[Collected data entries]
________________

lemma retract_y_row:
  assumes xy: "(x, y) \<in> V" and x': "hlinked E y x x'"
  shows "retract_y x' y = retract_y x y"
proof (rule retract_y_eqI)
  let ?Y = "retract_y x y"
  have span: "hlinked E y' x x'" if "?Y \<le> y'" "y' \<le> y" for y'
    using retract_y_row_span[OF xy that] x' by simp
  have no_base: "\<not> row_meets_base x' y'" if "?Y < y'" "y' \<le> y" for y'
    using retract_y_spec(4)[OF xy that] row_meets_base_cong[OF span] that by simp
  show "?Y \<le> y" using retract_y_spec(1)[OF xy] .
  show "row_meets_base x' ?Y"
    using retract_y_spec(1,3)[OF xy] row_meets_base_cong[OF span] by simp
  show "\<And>y'. ?Y < y' \<Longrightarrow> y' \<le> y \<Longrightarrow> \<not> row_meets_base x' y'" by (rule no_base)
  show "vlinked E x' y ?Y"
    unfolding linked_def
  proof (intro allI impI)
    fix k assume "min y ?Y \<le> k \<and> k < max y ?Y"
    then have k: "?Y < k + 1" "k + 1 \<le> y" using retract_y_spec(1)[OF xy] by auto
    have "vlinked E x y (k + 1)" using linked_between[OF retract_y_spec(2)[OF xy]] k by simp
    then have "(x, k + 1) \<in> V" using vlinked_in_V xy by blast
    moreover have "hlinked E (k + 1) x x'" using span k by simp
    ultimately have "(x', k + 1) \<in> V" using hlinked_in_V by blast
    then show "vedge E x' k" using row_meets_base_if_no_lower_edge[of x' "k + 1"] no_base[OF k]
      by auto
  qed
qed

definition retract :: "pixel \<Rightarrow> pixel" where
  "retract p = (retract_x (fst p) (snd p), retract_y (fst p) (snd p))"

lemma retract_spans:
  assumes xy: "(x, y) \<in> V" and X: "X = retract_x x y" and Y: "Y = retract_y x y"
  shows "hlinked E Y X c \<longleftrightarrow> hlinked E y x c" and "vlinked E X Y d \<longleftrightarrow> vlinked E x y d"
proof -
  have rows: "hlinked E Y x c \<longleftrightarrow> hlinked E y x c" for c
    using retract_y_row_span[OF xy order_refl retract_y_spec(1)[OF xy]] Y by simp
  have cols: "vlinked E X y d \<longleftrightarrow> vlinked E x y d" for d
    using retract_x_column_span[OF xy order_refl retract_x_spec(1)[OF xy]] X by simp
  have "hlinked E Y x X" using rows retract_x_spec(2)[OF xy] X by simp
  then have "hlinked E Y X x" using linked_sym by blast
  then show "hlinked E Y X c \<longleftrightarrow> hlinked E y x c" using linked_cong rows by blast
  have "vlinked E X y Y" using cols retract_y_spec(2)[OF xy] Y by simp
  then have "vlinked E X Y y" using linked_sym by blast
  then show "vlinked E X Y d \<longleftrightarrow> vlinked E x y d" using linked_cong cols by blast
qed

lemma retract_in_large_vertices:
  assumes "p \<in> V"
  shows "retract p \<in> large_vertices V E S"
proof -
  obtain x y where p: "p = (x, y)" by fastforce
  then have xy: "(x, y) \<in> V" using assms by simp
  let ?X = "retract_x x y" and ?Y = "retract_y x y"
  have "vlinked E ?X y ?Y"
    using retract_x_column_span[OF xy order_refl retract_x_spec(1)[OF xy]] retract_y_spec(2)[OF xy]
      by simp
  then have "col_meets_base ?X ?Y" using retract_x_spec(3)[OF xy] col_meets_base_cong by blast
  have "hlinked E ?Y x ?X"
    using retract_y_row_span[OF xy order_refl retract_y_spec(1)[OF xy]] retract_x_spec(2)[OF xy]
      by simp
  then have "row_meets_base ?X ?Y" using retract_y_spec(3)[OF xy] row_meets_base_cong by blast
  with \<open>col_meets_base ?X ?Y\<close> show ?thesis using p by (simp add: retract_def large_vertices_iff)
qed

lemma retract_fixes_large_vertices:
  assumes "p \<in> large_vertices V E S"
  shows "retract p = p"
proof -
  obtain x y where p: "p = (x, y)" by fastforce
  then have "(x, y) \<in> V" using assms large_vertices_subset by blast
  then show ?thesis
    using assms p retract_x_eq retract_y_eq by (simp add: retract_def large_vertices_iff)
qed

lemma retract_on_row:
  assumes "(x, y) \<in> V" "hlinked E y x l" "col_meets_base l y"
  shows "retract (l, y) = (l, retract_y x y)"
  using retract_x_eq[OF hlinked_in_V[OF assms(2,1)] assms(3)] retract_y_row[OF assms(1,2)]
  by (simp add: retract_def)

lemma retract_on_column:
  assumes "(x, y) \<in> V" "vlinked E x y u" "row_meets_base x u"
  shows "retract (x, u) = (retract_x x y, u)"
  using retract_y_eq[OF vlinked_in_V[OF assms(2,1)] assms(3)] retract_x_column[OF assms(1,2)]
  by (simp add: retract_def)

lemma retract_tilt:
  assumes "p \<in> V"
  shows "retract (tilt E d p) = tilt E d (retract p)"
proof -
  obtain x y where p: "p = (x, y)" by fastforce
  then have xy: "(x, y) \<in> V" using assms by simp
  note spans = retract_spans[OF xy refl refl]
  show ?thesis
  proof (cases d)
    case L
    obtain l where l: "tilt E L (x, y) = (l, y)" "hlinked E y x l" "\<not> hedge E (l - 1) y"
      by (rule tilt_L_end)
    have "col_meets_base l y" using col_meets_base_if_no_left_edge hlinked_in_V l(2,3) xy by blast
    then show ?thesis
      using L p l(1) retract_on_row[OF xy l(2)] spans(1) by (simp add: tilt_L retract_def)
  next
    case R
    obtain r where r: "tilt E R (x, y) = (r, y)" "hlinked E y x r" "\<not> hedge E r y"
      by (rule tilt_R_end)
    have "col_meets_base r y" using col_meets_base_if_no_right_edge hlinked_in_V r(2,3) xy by blast
    then show ?thesis
      using R p r(1) retract_on_row[OF xy r(2)] spans(1) by (simp add: tilt_R retract_def)
  next
    case U
    obtain u where u: "tilt E U (x, y) = (x, u)" "vlinked E x y u" "\<not> vedge E x u"
      by (rule tilt_U_end)
    have "row_meets_base x u" using row_meets_base_if_no_upper_edge vlinked_in_V u(2,3) xy by blast
    then show ?thesis
      using U p u(1) retract_on_column[OF xy u(2)] spans(2) by (simp add: tilt_U retract_def)
  next
    case D
    obtain l where l: "tilt E D (x, y) = (x, l)" "vlinked E x y l" "\<not> vedge E x (l - 1)"
      by (rule tilt_D_end)
    have "row_meets_base x l" using row_meets_base_if_no_lower_edge vlinked_in_V l(2,3) xy by blast
    then show ?thesis
      using D p l(1) retract_on_column[OF xy l(2)] spans(2) by (simp add: tilt_D retract_def)
  qed
qed

lemma retract_full_tilt_edge:
  assumes "(p, q) \<in> full_tilt_edges V E" "retract p \<noteq> retract q"
  shows "(retract p, retract q) \<in> full_tilt_edges V E"
proof -
  obtain d where "p \<in> V" "q = tilt E d p" using assms(1) unfolding full_tilt_edges_def by blast
  moreover have "retract p \<in> V" using retract_in_large_vertices large_vertices_subset calculation(1)
    by blast
  ultimately show ?thesis
    using assms(2) retract_tilt unfolding full_tilt_edges_def by fastforce
qed

sublocale retraction: graph_retraction V "full_tilt_edges V E" "large_vertices V E S" retract
  using finite_V full_tilt_edges_subset retract_in_large_vertices retract_fixes_large_vertices
    retract_full_tilt_edge large_vertices_subset
  by unfold_locales auto

lemma sinks_in_large_vertices: "S \<subseteq> large_vertices V E S"
  using sinks_in_large_base unfolding large_vertices_def by blast

end

lemma large_tilt_edges_eq:
  "large_tilt_edges V E S = full_tilt_edges V E \<inter> large_vertices V E S \<times> large_vertices V E S"
  unfolding large_tilt_edges_def by auto

theorem mainTheorem10:
  fixes V :: "pixel set" and E :: "pixel set set" and S :: "pixel set"
    and T :: "(pixel option \<times> pixel option) set" and w :: nat
  assumes "board V E"
    and "S \<subseteq> V"
    and "arborescence_to (ext_vertices V) (ext_edges (full_tilt_edges V E) S) None T"
    and "tree_weight (full_tilt_edges V E) T = w"
  shows "\<exists>T'. arborescence_to (ext_vertices (large_vertices V E S))
              (ext_edges (large_tilt_edges V E S) S) None T'
          \<and> tree_weight (large_tilt_edges V E S) T' \<le> w"
proof -
  interpret board_with_sinks V E S using assms(1,2) by unfold_locales
  show ?thesis
    using retraction.arborescence_retract[OF sinks_in_large_vertices assms(3)] assms(4)
    by (simp add: large_tilt_edges_eq)
qed

end
lemma seg_at_factorisation:
  assumes "a \<in> paths G" "b \<in> paths G" "sr G a = rg G b" "cmp G a b = l"
  shows "seg G l (dg G a) (dg G a) = sr G a"
  unfolding seg_def
proof (rule the_equality)
  show "\<exists>a' b'. a' \<in> paths G \<and> sr G a \<in> paths G \<and> b' \<in> paths G \<and> sr G a' = rg G (sr G a) \<and>
      sr G (sr G a) = rg G b' \<and> dg G a' = dg G a \<and> dg G (sr G a) = dg G a - dg G a \<and>
      cmp G (cmp G a' (sr G a)) b' = l"
    by (rule exI[of _ a], rule exI[of _ b])
      (use assms sr_in_paths[OF assms(1)] cmp_sr[OF assms(1)] in auto)
next
  fix p
  assume "\<exists>a' b'. a' \<in> paths G \<and> p \<in> paths G \<and> b' \<in> paths G \<and> sr G a' = rg G p \<and>
      sr G p = rg G b' \<and> dg G a' = dg G a \<and> dg G p = dg G a - dg G a \<and> cmp G (cmp G a' p) b' = l"
  then obtain a' b' where h: "a' \<in> paths G" "p \<in> paths G" "b' \<in> paths G" "sr G a' = rg G p"
      "sr G p = rg G b'" "dg G a' = dg G a" "dg G p = 0" "cmp G (cmp G a' p) b' = l"
    by auto
  have p: "rg G p = p" "sr G p = p"
    using degree_zero_vertex h(2,7) by auto
  then have "cmp G a' b' = cmp G a b"
    using h(1,4,8) assms(4) cmp_sr by metis
  then have "a' = a"
    using factorisation_unique[of a' b' a b] h assms p by auto
  then show "p = sr G a"
    using h(4) p by simp
qed

lemma isolated_range_unique:
  assumes "isolated G l" "m \<in> paths G" "m' \<in> paths G" "rg G m = rg G l" "rg G m' = rg G l"
    and "dg G m = dg G m'" "dg G m \<le> dg G l"
  shows "m = m'"
proof -
  have "\<forall>n\<le>dg G l. \<forall>m\<in>paths G. rg G m = rg G l \<and> dg G m = n \<longrightarrow> m = seg G l 0 n"
    using assms(1) unfolding isolated_def by blast
  then show ?thesis
    using assms(2-) by metis
qed

lemma isolated_source_unique:
  assumes "isolated G l" "m \<in> paths G" "m' \<in> paths G" "sr G m = sr G l" "sr G m' = sr G l"
    and "dg G m = dg G m'" "dg G m \<le> dg G l"
  shows "m = m'"
proof -
  have "\<forall>n\<le>dg G l. \<forall>m\<in>paths G. sr G m = sr G l \<and> dg G m = n \<longrightarrow>
      m = seg G l (dg G l - n) (dg G l)"
    using assms(1) unfolding isolated_def by blast
  then show ?thesis
    using assms(2-) by metis
qed

lemma blue_edge_imp_blue_path: "blue_edge G b \<Longrightarrow> blue_path G b"
  by (simp add: blue_edge_def blue_path_def e1_def)

lemma blue_path_cmp:
  "blue_path G a \<Longrightarrow> blue_path G b \<Longrightarrow> sr G a = rg G b \<Longrightarrow> blue_path G (cmp G a b)"
  unfolding blue_path_def using cmp_in_paths by simp
lemma baire_foliage_tree_sorgenfrey_leaf: "baire_foliage_tree sorgenfrey sorgenfrey_leaf"
  unfolding baire_foliage_tree_def strict_branches_def
proof (intro conjI allI impI)
  show "openin sorgenfrey (sorgenfrey_leaf x)" for x
    using openin_topspace[of sorgenfrey] by (cases x) (simp_all add: openin_sorgenfrey_Ico)
  show "locally_strict sorgenfrey_leaf"
    unfolding locally_strict_iff using sorgenfrey_leaf_cover sorgenfrey_leaf_disjoint by blast
  show "\<exists>p. \<Inter> (sorgenfrey_leaf ` B) = {p}" if "is_branch B" for B
    using branch_eq_range_seq_prefix[OF that] sorgenfrey_leaf_branch by auto
qed simp

lemma sorgenfrey_leaf_sons_near:
  assumes "q \<in> sorgenfrey_leaf (z # x)"
  obtains N where "\<And>i. N \<le> i \<Longrightarrow> sorgenfrey_leaf (z # x @ [i]) \<subseteq> {q..<q + seg_len x}"
proof -
  let ?a = "of_int (int_decode z) + seg_start x"
  have q: "?a \<le> q" "q < ?a + seg_len x" using assms by simp_all
  obtain N where "\<And>i. N \<le> i \<Longrightarrow> dyadic_piece ?a (seg_len x) i \<subseteq> {q..<?a + seg_len x}"
    using dyadic_piece_tail[OF seg_len_pos q(2)] by blast
  with q(1) have "\<And>i. N \<le> i \<Longrightarrow> sorgenfrey_leaf (z # x @ [i]) \<subseteq> {q..<q + seg_len x}"
    unfolding sorgenfrey_leaf_Cons_snoc by fastforce
  then show thesis by (rule that)
qed

lemma sorgenfrey_coding:
  obtains \<gamma> where "open_coding sorgenfrey \<gamma>" "deep_growth sorgenfrey \<gamma> id"
proof -
  obtain \<gamma> where \<gamma>: "open_coding sorgenfrey \<gamma>" and leaf: "sorgenfrey_leaf = cylinder \<gamma> UNIV"
    using baire_foliage_tree_imp_coding[OF baire_foliage_tree_sorgenfrey_leaf] by auto
  have "deep_growth sorgenfrey \<gamma> id"
    unfolding deep_growth_def
  proof (intro ballI allI impI)
    fix q U assume "is_neighbourhood sorgenfrey q U"
    then obtain e where e: "0 < e" "{q..<q + e} \<subseteq> U"
      using openin_sorgenfrey_contains_Ico unfolding is_neighbourhood_def by (meson order_trans)
    obtain M where M: "dyadic M < e" using dyadic_less[OF e(1)] ..
    have "shoot_inside \<gamma> UNIV q U (Suc m)" if "M \<le> m" for m
    proof -
      let ?x = "seq_prefix (\<lambda>i. \<gamma> q (Suc i)) m"
      have "q \<in> sorgenfrey_leaf (\<gamma> q 0 # ?x)"
        unfolding leaf seq_prefix_Suc_Cons[symmetric] by (simp add: mem_cylinder_seq_prefix)
      then obtain N where N: "\<And>i. N \<le> i \<Longrightarrow> sorgenfrey_leaf (\<gamma> q 0 # ?x @ [i]) \<subseteq> {q..<q + seg_len ?x}"
        by (rule sorgenfrey_leaf_sons_near) auto
      have "seg_len ?x < e"
        using seg_len_le[of ?x] dyadic_antimono[OF that] M by simp
      show ?thesis
      proof (rule shoot_insideI)
        fix i assume "N \<le> i"
        then have "sorgenfrey_leaf (\<gamma> q 0 # ?x @ [i]) \<subseteq> U"
          using N \<open>seg_len ?x < e\<close> e(2) by fastforce
        then show "cylinder \<gamma> UNIV (seq_prefix (\<gamma> q) (Suc m) @ [i]) \<subseteq> U"
          unfolding leaf seq_prefix_Suc_Cons by simp
      qed
    qed
    then have "shoot_inside \<gamma> UNIV q U n" if "Suc M \<le> n" for n
      using that by (cases n) simp_all
    then show "\<exists>M. \<forall>n\<ge>M. shoot_inside \<gamma> (topspace sorgenfrey) q U (id n)"
      by auto
  qed
  with \<gamma> show thesis ..
qed

theorem corollary22:
  fixes X :: "'a topology"
  assumes "has_pi_tree X"
  shows "has_pi_tree (prod_topology X baire_space) \<and>
         has_pi_tree (prod_topology X sorgenfrey) \<and>
         has_pi_tree (prod_topology X sorgenfrey_power)"
proof -
  obtain \<phi> where \<phi>: "pi_coding X \<phi>"
    using assms unfolding has_pi_tree_iff_pi_coding ..
  obtain \<gamma> where \<gamma>: "open_coding sorgenfrey \<gamma>" "deep_growth sorgenfrey \<gamma> id"
    by (rule sorgenfrey_coding)
  have "pi_coding (prod_topology X baire_space) (prod_code \<phi> (\<lambda>s. s))"
    using \<phi> open_coding_baire_space deep_growth_double[OF deep_growth_baire_space]
    by (rule pi_coding_prod)
  moreover have "pi_coding (prod_topology X sorgenfrey) (prod_code \<phi> \<gamma>)"
    using \<phi> \<gamma>(1) deep_growth_double[OF \<gamma>(2)] by (rule pi_coding_prod)
  moreover have "pi_coding (prod_topology X sorgenfrey_power) (prod_code \<phi> (power_code \<gamma>))"
    unfolding sorgenfrey_power_def
    using \<phi> open_coding_power[OF \<gamma>(1)] deep_growth_power[OF \<gamma>(2)] by (rule pi_coding_prod)
  ultimately show ?thesis
    unfolding has_pi_tree_iff_pi_coding by auto
qed

end
lemma golden_mix_equiv_imp_eq:
  assumes x: "0 < x" "x < 1" and y: "0 < y" "y < 1"
    and eqv: "((10, golden_mix x), (10, golden_mix y)) \<in> cp_equiv 5"
  shows "x = y"
proof -
  obtain p where p: "p permutes {..<10}"
    and eq: "\<forall>i<5. \<forall>j<10. golden_mix y i j = golden_mix x i (p j)"
    using eqv by (auto simp: cp_equiv_def)
  define a b where "a = (if p 0 < 5 then sqrt x * phi else sqrt (1 - x) * psi)"
    and "b = (if p 0 < 5 then sqrt x * psi else sqrt (1 - x) * phi)"
  have "p 0 < 10" using permutes_in_image[OF p] by simp
  have "window 0 (sqrt y * phi) (sqrt y * psi) i = window (p 0 mod 5) a b i" if "i < 5" for i
  proof -
    have "golden_mix y i 0 = window 0 (sqrt y * phi) (sqrt y * psi) i"
      using that by (simp add: mix_factor_def circ_factor_def mult_window)
    moreover have "golden_mix x i (p 0) = window (p 0 mod 5) a b i"
      using golden_mix_window_factor[OF x] that \<open>p 0 < 10\<close>
      unfolding window_factor_def a_def b_def by blast
    ultimately show ?thesis using eq that by simp
  qed
  then have ab: "sqrt y * phi = a" "sqrt y * psi = b"
    using window_eq_windowD[of 0 "p 0 mod 5" "sqrt y * phi" "sqrt y * psi" a b] y phi_pos psi_pos
    by auto
  show ?thesis
  proof (cases "p 0 < 5")
    case True
    then show ?thesis using ab phi_pos by (simp add: a_def)
  next
    case False
    then have e: "sqrt y * phi = sqrt (1 - x) * psi" "sqrt y * psi = sqrt (1 - x) * phi"
      using ab by (simp_all add: a_def b_def)
    have "sqrt y * phi * phi = sqrt y * psi * psi"
      unfolding e by (simp add: ac_simps)
    then have "sqrt y * (phi * phi) = sqrt y * (psi * psi)" by (simp add: mult.assoc)
    then have "phi * phi = psi * psi" using y by simp
    then show ?thesis using phi_sq_neq_psi_sq by (simp add: power2_eq_square)
  qed
qed

lemma infinite_cp_factorizations_circ5_8_5_1:
  "infinite (cp_factorizations 5 (circ5 8 5 1) // cp_equiv 5)"
proof
  let ?class = "\<lambda>x. cp_equiv 5 `` {(10, golden_mix x)}"
  assume fin: "finite (cp_factorizations 5 (circ5 8 5 1) // cp_equiv 5)"
  have "?class ` {0<..<1} \<subseteq> cp_factorizations 5 (circ5 8 5 1) // cp_equiv 5"
    using golden_mix_cp_factorization by (auto intro: quotientI)
  moreover have "inj_on ?class {0<..<1}"
  proof (rule inj_onI)
    fix x y :: real assume "x \<in> {0<..<1}" "y \<in> {0<..<1}" "?class x = ?class y"
    then show "x = y"
      using golden_mix_equiv_imp_eq equiv_class_eq_iff[OF equiv_cp_equiv] by auto
  qed
  ultimately have "finite {0<..<(1::real)}"
    using fin by (metis finite_imageD finite_subset)
  then show False using infinite_Ioo[of "0::real" 1] by simp
qed


lemma card_minimal_cp_factorizations_circ5_8_5_1:
  "card (minimal_cp_factorizations 5 (circ5 8 5 1) // cp_equiv 5) = 2"
proof -
  let ?golden = "{(5, circ_factor phi psi), (5, circ_factor psi phi)}"
  have rank: "cp_rank 5 (circ5 8 5 1) = 5"
    using cp_rank_circ5_eq_5 golden_circ_factor_cp_factorization(1) by simp
  have "minimal_cp_factorizations 5 (circ5 8 5 1) // cp_equiv 5 = (\<lambda>r. cp_equiv 5 `` {r}) ` ?golden"
  proof (rule quotient_cp_equiv_eq)
    show "?golden \<subseteq> minimal_cp_factorizations 5 (circ5 8 5 1)"
      using golden_circ_factor_cp_factorization rank by (simp add: minimal_cp_factorizations_def)
    show "\<exists>r\<in>?golden. (r, x) \<in> cp_equiv 5" if "x \<in> minimal_cp_factorizations 5 (circ5 8 5 1)" for x
      using that rank five_column_factor_circ5_8_5_1
      by (auto simp: minimal_cp_factorizations_def cp_factorizations_def)
  qed
  moreover have
    "cp_equiv 5 `` {(5, circ_factor phi psi)} \<noteq> cp_equiv 5 `` {(5, circ_factor psi phi)}"
    using golden_circ_factors_not_equiv equiv_class_eq_iff[OF equiv_cp_equiv] by blast
  ultimately show ?thesis by simp
qed
lemma facet_monomial_not_in_image:
  fixes c v :: "nat \<Rightarrow> 'k::field"
  assumes sc: "simplicial_complex n \<Delta>" and pure: "\<forall>F\<in>facets \<Delta>. card F = Suc k"
    and size: "n \<le> card (facets \<Delta>)"
    and kernel: "\<And>F. F \<in> facets \<Delta> \<Longrightarrow> (\<Sum>i\<in>F. v i * (\<Prod>j\<in>F - {i}. c j)) = 0"
    and v: "i0 \<in> {1..n}" "v i0 \<noteq> 0"
  obtains F0 where "F0 \<in> facets \<Delta>"
    "\<forall>f\<in>Defs.hom n 1. xset F0 - linear_form n c ^ k * f \<notin> A_ideal n \<Delta>"
proof -
  note fin = finite_facets[OF sc]
  \<comment> \<open>the matrix of \<open>\<times>L\<^sup>k: A\<^sub>1 \<rightarrow> A\<^sub>k\<^sub>+\<^sub>1\<close> in the monomial bases, up to the factor \<open>k!\<close>\<close>
  define M where "M F i = of_bool (i \<in> F) * (\<Prod>j\<in>F - {i}. c j)" for F i
  have M_sum: "(\<Sum>i\<in>{1..n}. M F i * a i) = (\<Sum>i\<in>F. a i * (\<Prod>j\<in>F - {i}. c j))"
    if "F \<in> facets \<Delta>" for F a
  proof -
    have "{1..n} \<inter> {i. i \<in> F} = F"
      using facet_subset_vertices[OF sc that] by blast
    then show ?thesis
      unfolding M_def mult.assoc sum_of_bool_mult_eq by (simp add: mult.commute)
  qed
  have "\<exists>u. (\<exists>F\<in>facets \<Delta>. u F \<noteq> 0) \<and> (\<forall>i\<in>{1..n}. (\<Sum>F\<in>facets \<Delta>. u F * M F i) = 0)"
    by (rule left_kernel_nontrivial[of _ _ i0 v]) (use fin size v kernel M_sum in auto)
  then obtain u where "\<exists>F\<in>facets \<Delta>. u F \<noteq> 0" and u: "\<forall>i\<in>{1..n}. (\<Sum>F\<in>facets \<Delta>. u F * M F i) = 0"
    by blast
  then obtain F0 where F0: "F0 \<in> facets \<Delta>" "u F0 \<noteq> 0" by blast
  have "xset F0 - linear_form n c ^ k * f \<notin> A_ideal n \<Delta>" if f: "f \<in> Defs.hom n 1" for f
  proof
    obtain a where a: "f = linear_form n a"
      using hom_1_eq_linear_form[OF f] by blast
    assume "xset F0 - linear_form n c ^ k * f \<in> A_ideal n \<Delta>"
    then have coeff: "of_bool (F = F0) = of_nat (fact k) * (\<Sum>i\<in>{1..n}. M F i * a i)"
      if F: "F \<in> facets \<Delta>" for F
    proof -
      have "Poly_Mapping.lookup (xset F0 - linear_form n c ^ k * f) (sqfree_monom F) = 0"
        using \<open>xset F0 - _ \<in> _\<close> facets_subset F unfolding A_ideal_eq[OF sc] without_face_terms_def by blast
      moreover have "Poly_Mapping.lookup (xset F0 :: 'k mpoly) (sqfree_monom F) = of_bool (F = F0)"
        using sqfree_monom_inject[OF finite_facet[OF sc F0(1)] finite_facet[OF sc F]]
        by (auto simp: xset_eq_single lookup_single)
      ultimately show ?thesis
        unfolding M_sum[OF F] using pure F facet_subset_vertices[OF sc F]
        by (simp add: a lookup_minus lookup_linear_form_power_mult)
    qed
    have "u F0 = (\<Sum>F\<in>facets \<Delta>. u F * of_bool (F = F0))"
      using F0(1) fin by simp
    also have "\<dots> = (\<Sum>F\<in>facets \<Delta>. u F * (of_nat (fact k) * (\<Sum>i\<in>{1..n}. M F i * a i)))"
      by (rule sum.cong[OF refl]) (simp only: coeff)
    also have "\<dots> = of_nat (fact k) * (\<Sum>F\<in>facets \<Delta>. \<Sum>i\<in>{1..n}. u F * M F i * a i)"
      by (simp add: sum_distrib_left ac_simps)
    also have "\<dots> = of_nat (fact k) * (\<Sum>i\<in>{1..n}. (\<Sum>F\<in>facets \<Delta>. u F * M F i) * a i)"
      by (simp add: sum.swap[of _ "facets \<Delta>"] sum_distrib_right)
    also have "\<dots> = 0"
      using u by simp
    finally show False
      using F0(2) by simp
  qed
  with F0(1) show thesis
    using that by blast
qed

________________

▸ Assignment
Working from the records above, write out verbatim only the lines from the line containing "rg G p \<and>" through the line containing "then obtain a'".

▸ Exercise output
  assume "\<exists>a' b'. a' \<in> paths G \<and> p \<in> paths G \<and> b' \<in> paths G \<and> sr G a' = rg G p \<and>
      sr G p = rg G b' \<and> dg G a' = dg G a \<and> dg G p = dg G a - dg G a \<and> cmp G (cmp G a' p) b' = l"
  then obtain a' b' where h: "a' \<in> paths G" "p \<in> paths G" "b' \<in> paths G" "sr G a' = rg G p"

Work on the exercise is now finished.